[Saved data entries]
########################################

lemma filterlim_F_at_right_1: "filterlim F at_top (at_right 1)"
proof (rule filterlim_at_top_mono)
  show "filterlim (\<lambda>E. sqrt 2 * (ln pi - ln (sqrt (sqrt E - 1))) - sqrt 6 * pi) at_top (at_right 1)"
    by real_asymp
  show "\<forall>\<^sub>F E in at_right 1. sqrt 2 * (ln pi - ln (sqrt (sqrt E - 1))) - sqrt 6 * pi \<le> F E"
    using eventually_at_right_real[of 1 4]
  proof (rule eventually_mono)
    fix E :: real assume "E \<in> {1<..<4}"
    then have "1 < sqrt E" "sqrt E < 2" using real_sqrt_less_mono[of E 4] by auto
    then show "sqrt 2 * (ln pi - ln (sqrt (sqrt E - 1))) - sqrt 6 * pi \<le> F E"
      using F_eq_G[of E] G_ge[of "sqrt E"] by simp
  qed simp
qed

lemma filterlim_F_at_left_1: "filterlim F at_top (at_left 1)"
proof (rule filterlim_at_top_mono)
  show "filterlim (\<lambda>E. sqrt 2 * (ln pi - ln (sqrt (1 - sqrt E))) - 2 * pi) at_top (at_left 1)"
    by real_asymp
  show "\<forall>\<^sub>F E in at_left 1. sqrt 2 * (ln pi - ln (sqrt (1 - sqrt E))) - 2 * pi \<le> F E"
    using eventually_at_left_real[of 0 1]
  proof (rule eventually_mono)
    fix E :: real assume "E \<in> {0<..<1}"
    then show "sqrt 2 * (ln pi - ln (sqrt (1 - sqrt E))) - 2 * pi \<le> F E"
      using F_eq_H[of E] H_ge[of "sqrt E"] by simp
  qed simp
qed

theorem proposition3p12:
  shows "(\<forall>E>1. F differentiable (at E)) \<and> continuous_on {1<..} (deriv F)
      \<and> (\<forall>E>1. deriv F E < 0)
    \<and> filterlim F at_bot at_top
    \<and> filterlim F at_top (at_right 1) \<and> filterlim F at_top (at_left 1)
    \<and> (\<exists>Ec. Ec > 1 \<and> F Ec = 0 \<and> (\<forall>E>1. F E = 0 \<longrightarrow> E = Ec) \<and> deriv F Ec < 0)
    \<and> (\<forall>E. 0 < E \<and> E < 1 \<longrightarrow> F E > 0)"
proof -
  have F_deriv: "(F has_real_derivative deriv F E) (at E)" if "1 < E" for E
    using F_has_derivative[OF that] by (simp add: deriv_F[OF that])
  obtain Ec where Ec: "1 < Ec" "F Ec = 0" "\<forall>E>1. F E = 0 \<longrightarrow> E = Ec"
    using unique_root_of_decreasing[OF F_deriv deriv_F_neg filterlim_F_at_right_1 filterlim_F_at_bot]
    by blast
  show ?thesis
  proof (intro conjI)
    show "\<forall>E>1. F differentiable (at E)"
      using F_deriv real_differentiable_def by blast
    show "\<exists>Ec. Ec > 1 \<and> F Ec = 0 \<and> (\<forall>E>1. F E = 0 \<longrightarrow> E = Ec) \<and> deriv F Ec < 0"
      using Ec deriv_F_neg[OF Ec(1)] by blast
  qed (use continuous_on_deriv_F deriv_F_neg F_pos filterlim_F_at_bot filterlim_F_at_right_1
      filterlim_F_at_left_1 in auto)
qed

########################################

WHAT THE TASK REQUIRES: Go through the entries and return each line where the word "using" appears.

SOLUTION FOR THIS EXERCISE:
    using eventually_at_right_real[of 1 4]
    then have "1 < sqrt E" "sqrt E < 2" using real_sqrt_less_mono[of E 4] by auto
      using F_eq_G[of E] G_ge[of "sqrt E"] by simp
    using eventually_at_left_real[of 0 1]
      using F_eq_H[of E] H_ge[of "sqrt E"] by simp
    using F_has_derivative[OF that] by (simp add: deriv_F[OF that])
    using unique_root_of_decreasing[OF F_deriv deriv_F_neg filterlim_F_at_right_1 filterlim_F_at_bot]
      using F_deriv real_differentiable_def by blast
      using Ec deriv_F_neg[OF Ec(1)] by blast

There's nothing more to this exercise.